START Listed records

definition is_basis :: "'b::field set \<Rightarrow> 'b set \<Rightarrow> 'b list \<Rightarrow> bool" where
  "is_basis E M bs \<longleftrightarrow> set bs \<subseteq> M
     \<and> (\<forall>c. (\<forall>i<length bs. c i \<in> E) \<and> (\<Sum>i<length bs. c i * bs ! i) = 0
            \<longrightarrow> (\<forall>i<length bs. c i = 0))
     \<and> (\<forall>y\<in>M. \<exists>c. (\<forall>i<length bs. c i \<in> E) \<and> y = (\<Sum>i<length bs. c i * bs ! i))"

definition finite_ext :: "'b::field set \<Rightarrow> 'b set \<Rightarrow> bool" where
  "finite_ext E M \<longleftrightarrow> (\<exists>bs. is_basis E M bs)"

definition ext_degree :: "'b::field set \<Rightarrow> 'b set \<Rightarrow> nat" where
  "ext_degree E M = (LEAST k. \<exists>bs. is_basis E M bs \<and> length bs = k)"

definition separable_ext :: "'b::field set \<Rightarrow> 'b set \<Rightarrow> bool" where
  "separable_ext E M \<longleftrightarrow> (\<forall>x\<in>M. \<exists>p. p \<noteq> 0 \<and> (\<forall>i. coeff p i \<in> E) \<and> poly p x = 0
       \<and> (\<exists>a b. a * p + b * pderiv p = 1))"

text \<open>Norm N_{M/E}(x): determinant of multiplication by x w.r.t. an E-basis of M
  (Leibniz formula).\<close>
definition field_norm :: "'b::field set \<Rightarrow> 'b set \<Rightarrow> 'b \<Rightarrow> 'b" where
  "field_norm E M x = (SOME d. \<exists>bs c. is_basis E M bs \<and> (\<forall>i j. c i j \<in> E)
      \<and> (\<forall>j<length bs. x * bs ! j = (\<Sum>i<length bs. c i j * bs ! i))
      \<and> d = (\<Sum>p | p permutes {..<length bs}.
               of_int (sign p) * (\<Prod>i<length bs. c i (p i))))"

text \<open>For subfields F \<subseteq> S of the ambient field K, the subfield
  S(t) = S \<otimes>_F F(t) = { p/q : p \<in> S[t], q \<in> F[t], q \<noteq> 0 } of K(t).\<close>
definition ratext :: "'k::field set \<Rightarrow> 'k set \<Rightarrow> 'k poly fract set" where
  "ratext F S = {Fract p q | p q. (\<forall>i. coeff p i \<in> S) \<and> (\<forall>i. coeff q i \<in> F) \<and> q \<noteq> 0}"

text \<open>F-points of the multinorm torus T_{L/F}, L = L_0 \<times> ... \<times> L_{m-1};
  tuples are functions nat \<Rightarrow> 'k, normalised to 1 outside {..<m}.\<close>
definition torus_pts :: "'k::field set \<Rightarrow> (nat \<Rightarrow> 'k set) \<Rightarrow> nat \<Rightarrow> (nat \<Rightarrow> 'k) set" where
  "torus_pts F L m = {x. (\<forall>i<m. x i \<in> L i \<and> x i \<noteq> 0)
      \<and> (\<Prod>i<m. field_norm F (L i) (x i)) = 1 \<and> (\<forall>i\<ge>m. x i = 1)}"

text \<open>Elementary R-link: x = f(0), y = f(1) for an F-rational map f : P^1 \<dashrightarrow> T_{L/F}
  defined at 0 and 1. Such f is given by f_i = P_i/q with P_i \<in> L_i[t], q \<in> F[t],
  q(0), q(1) \<noteq> 0, and f(generic point) \<in> T, i.e. \<Prod> N_{L_i(t)/F(t)}(f_i) = 1.\<close>
definition R_step :: "'k::field set \<Rightarrow> (nat \<Rightarrow> 'k set) \<Rightarrow> nat \<Rightarrow> (nat \<Rightarrow> 'k) \<Rightarrow> (nat \<Rightarrow> 'k) \<Rightarrow> bool" where
  "R_step F L m x y \<longleftrightarrow> (\<exists>P q. (\<forall>i<m. \<forall>k. coeff (P i) k \<in> L i) \<and> (\<forall>k. coeff q k \<in> F)
      \<and> poly q 0 \<noteq> 0 \<and> poly q 1 \<noteq> 0
      \<and> (\<Prod>i<m. field_norm (ratext F F) (ratext F (L i)) (Fract (P i) q)) = 1
      \<and> (\<forall>i<m. x i = poly (P i) 0 / poly q 0 \<and> y i = poly (P i) 1 / poly q 1)
      \<and> (\<forall>i\<ge>m. x i = 1 \<and> y i = 1))"

definition RT_pts :: "'k::field set \<Rightarrow> (nat \<Rightarrow> 'k set) \<Rightarrow> nat \<Rightarrow> (nat \<Rightarrow> 'k) set" where
  "RT_pts F L m = {x \<in> torus_pts F L m. equivclp (R_step F L m) (\<lambda>_. 1) x}"

end

(*
  The point is joined to 1 by a single rational curve.  Write d_i = [L_i:F], e_i = n / d_i and
  g_j(t) = 1 + (alpha_j - 1) t.  The map
    t |-> (g_0(t)^e_0, ..., g_(m-2)(t)^e_(m-2), (prod_j g_j(t))^(-e_(m-1)))
  equals 1 at t = 0 and the given point at t = 1.  Its coordinates lie in F(t), and the norm from
  L_i(t) to F(t) of a scalar c is c^d_i, so the product of the norms is
  prod_j g_j^n * (prod_j g_j^n)^(-1) = 1: the curve lies in the torus.  This uses that an F-basis
  of L_i stays an F(t)-basis of L_i(t) and that the degree does not depend on the basis
  (Steinitz exchange).
*)

theory Submission
  imports Defs
begin

section \<open>Linear algebra over a subfield\<close>

context
  fixes E :: "'b::field set"
  assumes E: "is_subfield E"
begin

lemma subfield_zero: "0 \<in> E"
  and subfield_one: "1 \<in> E"
  and subfield_add: "x \<in> E \<Longrightarrow> y \<in> E \<Longrightarrow> x + y \<in> E"
  and subfield_mult: "x \<in> E \<Longrightarrow> y \<in> E \<Longrightarrow> x * y \<in> E"
  and subfield_uminus: "x \<in> E \<Longrightarrow> - x \<in> E"
  using E unfolding is_subfield_def by auto

lemma subfield_inverse: "x \<in> E \<Longrightarrow> inverse x \<in> E"
  using E unfolding is_subfield_def by (cases "x = 0") auto

lemma subfield_diff: "x \<in> E \<Longrightarrow> y \<in> E \<Longrightarrow> x - y \<in> E"
  by (metis diff_conv_add_uminus subfield_add subfield_uminus)

lemma subfield_divide: "x \<in> E \<Longrightarrow> y \<in> E \<Longrightarrow> x / y \<in> E"
  by (metis divide_inverse subfield_mult subfield_inverse)

lemma subfield_sum: "(\<And>x. x \<in> S \<Longrightarrow> f x \<in> E) \<Longrightarrow> sum f S \<in> E"
  by (induction S rule: infinite_finite_induct) (auto simp: subfield_zero subfield_add)

lemma subfield_prod: "(\<And>x. x \<in> S \<Longrightarrow> f x \<in> E) \<Longrightarrow> prod f S \<in> E"
  by (induction S rule: infinite_finite_induct) (auto simp: subfield_one subfield_mult)

lemma subfield_power: "x \<in> E \<Longrightarrow> x ^ k \<in> E"
  by (induction k) (auto simp: subfield_one subfield_mult)

end

lemma is_basis_spanning:
  "is_basis E M bs \<Longrightarrow> y \<in> M \<Longrightarrow> \<exists>c. (\<forall>i<length bs. c i \<in> E) \<and> y = (\<Sum>i<length bs. c i * bs ! i)"
  unfolding is_basis_def by blast

lemma is_basis_independent:
  assumes "is_basis E M bs" "\<forall>i<length bs. c i \<in> E" "(\<Sum>i<length bs. c i * bs ! i) = 0" "i < length bs"
  shows "c i = 0"
  using assms unfolding is_basis_def by blast

definition span_over :: "'b::field set \<Rightarrow> ('i \<Rightarrow> 'b) \<Rightarrow> 'i set \<Rightarrow> 'b set" where
  "span_over E b J = {\<Sum>j\<in>J. a j * b j | a. \<forall>j\<in>J. a j \<in> E}"

definition dependent_over :: "'b::field set \<Rightarrow> ('i \<Rightarrow> 'b) \<Rightarrow> 'i set \<Rightarrow> bool" where
  "dependent_over E v I \<longleftrightarrow> (\<exists>c. (\<forall>i\<in>I. c i \<in> E) \<and> (\<Sum>i\<in>I. c i * v i) = 0 \<and> (\<exists>i\<in>I. c i \<noteq> 0))"

lemma span_over_empty: "span_over E b {} = {0}"
  by (auto simp: span_over_def)

lemma span_over_insert:
  assumes J: "finite J" "j \<notin> J"
  shows "y \<in> span_over E b (insert j J) \<longleftrightarrow> (\<exists>c\<in>E. y - c * b j \<in> span_over E b J)"
proof
  assume "y \<in> span_over E b (insert j J)"
  then obtain a where a: "\<forall>i\<in>insert j J. a i \<in> E" "y = (\<Sum>i\<in>insert j J. a i * b i)"
    unfolding span_over_def by blast
  then have "y - a j * b j = (\<Sum>i\<in>J. a i * b i)"
    using J by simp
  with a(1) show "\<exists>c\<in>E. y - c * b j \<in> span_over E b J"
    unfolding span_over_def by blast
next
  assume "\<exists>c\<in>E. y - c * b j \<in> span_over E b J"
  then obtain c a where ca: "c \<in> E" "\<forall>i\<in>J. a i \<in> E" "y - c * b j = (\<Sum>i\<in>J. a i * b i)"
    unfolding span_over_def by blast
  have "(\<Sum>i\<in>insert j J. (a(j := c)) i * b i) = c * b j + (\<Sum>i\<in>J. a i * b i)"
    using J by (auto intro!: sum.cong)
  also have "\<dots> = y"
    using ca(3) by (simp add: algebra_simps)
  finally show "y \<in> span_over E b (insert j J)"
    using ca(1,2) unfolding span_over_def by (intro CollectI exI[of _ "a(j := c)"]) auto
qed

lemma sum_permutes_scalar_matrix:
  fixes c :: "'a::comm_ring_1"
  assumes C: "\<forall>i<n. \<forall>j<n. C i j = (if i = j then c else 0)"
  shows "(\<Sum>p | p permutes {..<n}. of_int (sign p) * (\<Prod>i<n. C i (p i))) = c ^ n"
proof -
  let ?f = "\<lambda>p. of_int (sign p) * (\<Prod>i<n. C i (p i))"
  have "?f p = 0" if p: "p permutes {..<n}" "p \<noteq> id" for p
  proof -
    obtain i where i: "p i \<noteq> i"
      using p(2) by (metis eq_id_iff)
    then have "i < n" "p i < n"
      using p(1) by (meson lessThan_iff permutes_not_in permutes_in_image)+
    with i C have "C i (p i) = 0"
      by simp
    with \<open>i < n\<close> have "(\<Prod>i<n. C i (p i)) = 0"
      by (intro prod_zero) auto
    then show ?thesis
      by simp
  qed
  then have "(\<Sum>p | p permutes {..<n}. ?f p) = ?f id"
    by (intro sum.mono_neutral_right[where S = "{id}", simplified])
      (auto simp: permutes_id finite_permutations)
  also have "\<dots> = c ^ n"
    using C by simp
  finally show ?thesis .
qed

context
  fixes E :: "'b::field set"
  assumes E: "is_subfield E"
begin

lemma span_over_diff:
  "x \<in> span_over E b J \<Longrightarrow> y \<in> span_over E b J \<Longrightarrow> x - y \<in> span_over E b J"
proof -
  assume "x \<in> span_over E b J" "y \<in> span_over E b J"
  then obtain a a' where "\<forall>j\<in>J. a j \<in> E" "\<forall>j\<in>J. a' j \<in> E"
    "x = (\<Sum>j\<in>J. a j * b j)" "y = (\<Sum>j\<in>J. a' j * b j)"
    by (auto simp: span_over_def)
  then show ?thesis
    unfolding span_over_def
    by (intro CollectI exI[of _ "\<lambda>j. a j - a' j"])
      (auto simp: sum_subtractf left_diff_distrib subfield_diff[OF E])
qed

lemma span_over_scale:
  "c \<in> E \<Longrightarrow> x \<in> span_over E b J \<Longrightarrow> c * x \<in> span_over E b J"
proof -
  assume "c \<in> E" "x \<in> span_over E b J"
  then obtain a where "\<forall>j\<in>J. a j \<in> E" "x = (\<Sum>j\<in>J. a j * b j)"
    by (auto simp: span_over_def)
  with \<open>c \<in> E\<close> show ?thesis
    unfolding span_over_def
    by (intro CollectI exI[of _ "\<lambda>j. c * a j"])
      (auto simp: sum_distrib_left mult.assoc subfield_mult[OF E])
qed

lemma dependent_over_pivot:
  assumes I: "finite I" "k \<in> I" and s: "\<forall>i\<in>I. s i \<in> E"
    and dep: "dependent_over E (\<lambda>i. v i - s i * v k) (I - {k})"
  shows "dependent_over E v I"
proof -
  from dep obtain c where c: "\<forall>i\<in>I - {k}. c i \<in> E" "(\<Sum>i\<in>I - {k}. c i * (v i - s i * v k)) = 0"
    "\<exists>i\<in>I - {k}. c i \<noteq> 0"
    unfolding dependent_over_def by blast
  define c' where "c' i = (if i = k then - (\<Sum>i\<in>I - {k}. c i * s i) else c i)" for i
  have "(\<Sum>i\<in>I. c' i * v i) = c' k * v k + (\<Sum>i\<in>I - {k}. c i * v i)"
    using I by (simp add: sum.remove c'_def)
  also have "\<dots> = (\<Sum>i\<in>I - {k}. c i * (v i - s i * v k))"
  proof -
    have "(\<Sum>i\<in>I - {k}. c i * (s i * v k)) = (\<Sum>i\<in>I - {k}. c i * s i) * v k"
      by (simp add: sum_distrib_right mult.assoc)
    then show ?thesis
      by (simp add: c'_def right_diff_distrib sum_subtractf)
  qed
  finally have "(\<Sum>i\<in>I. c' i * v i) = 0"
    using c(2) by simp
  moreover have "\<forall>i\<in>I. c' i \<in> E"
    using c(1) s by (auto simp: c'_def intro!: subfield_uminus[OF E] subfield_sum[OF E] subfield_mult[OF E])
  moreover have "\<exists>i\<in>I. c' i \<noteq> 0"
    using c(3) by (auto simp: c'_def)
  ultimately show ?thesis
    unfolding dependent_over_def by blast
qed

lemma span_over_eliminate:
  assumes "x - a * w \<in> span_over E b J" "y - c * w \<in> span_over E b J" "a \<in> E" "c \<in> E" "c \<noteq> 0"
  shows "x - a / c * y \<in> span_over E b J"
proof -
  have "x - a / c * y = (x - a * w) - a / c * (y - c * w)"
    using assms(5) by (simp add: field_simps)
  also have "\<dots> \<in> span_over E b J"
    using subfield_divide[OF E assms(3,4)]
    by (rule span_over_diff[OF assms(1) span_over_scale[OF _ assms(2)]])
  finally show ?thesis .
qed

lemma dependent_over_if_card_gt:
  assumes "finite J" "finite I" "card J < card I" "\<forall>i\<in>I. v i \<in> span_over E b J"
  shows "dependent_over E v I"
  using assms
proof (induction J arbitrary: I v rule: finite_induct)
  case empty
  then obtain i0 where "i0 \<in> I"
    by fastforce
  with empty show ?case
    unfolding dependent_over_def span_over_empty
    by (intro exI[of _ "\<lambda>i. if i = i0 then 1 else 0"]) (auto simp: subfield_zero[OF E] subfield_one[OF E])
next
  case (insert j0 J)
  have "\<forall>i\<in>I. \<exists>a\<in>E. v i - a * b j0 \<in> span_over E b J"
    using insert.prems(3) span_over_insert[OF insert.hyps(1,2)] by blast
  then obtain A where A: "\<forall>i\<in>I. A i \<in> E \<and> v i - A i * b j0 \<in> span_over E b J"
    by metis
  show ?case
  proof (cases "\<forall>i\<in>I. A i = 0")
    case True
    with A insert.prems insert.hyps show ?thesis
      by (intro insert.IH) auto
  next
    case False
    then obtain k where k: "k \<in> I" "A k \<noteq> 0"
      by blast
    let ?s = "\<lambda>i. A i / A k"
    have "dependent_over E (\<lambda>i. v i - ?s i * v k) (I - {k})"
    proof (rule insert.IH)
      show "finite (I - {k})"
        using insert.prems(1) by simp
      show "card J < card (I - {k})"
        using insert.prems(1,2) insert.hyps k(1) by simp
      show "\<forall>i\<in>I - {k}. v i - ?s i * v k \<in> span_over E b J"
        using A k by (intro ballI span_over_eliminate[where w = "b j0"]) auto
    qed
    moreover have "\<forall>i\<in>I. ?s i \<in> E"
      using A k(1) by (auto intro: subfield_divide[OF E])
    ultimately show ?thesis
      by (intro dependent_over_pivot[OF insert.prems(1) k(1)])
  qed
qed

END Listed records

The lines above that hold the string "sign" are to be located and copied.

# Response to the task:
               of_int (sign p) * (\<Prod>i<length bs. c i (p i))))"
  shows "(\<Sum>p | p permutes {..<n}. of_int (sign p) * (\<Prod>i<n. C i (p i))) = c ^ n"
  let ?f = "\<lambda>p. of_int (sign p) * (\<Prod>i<n. C i (p i))"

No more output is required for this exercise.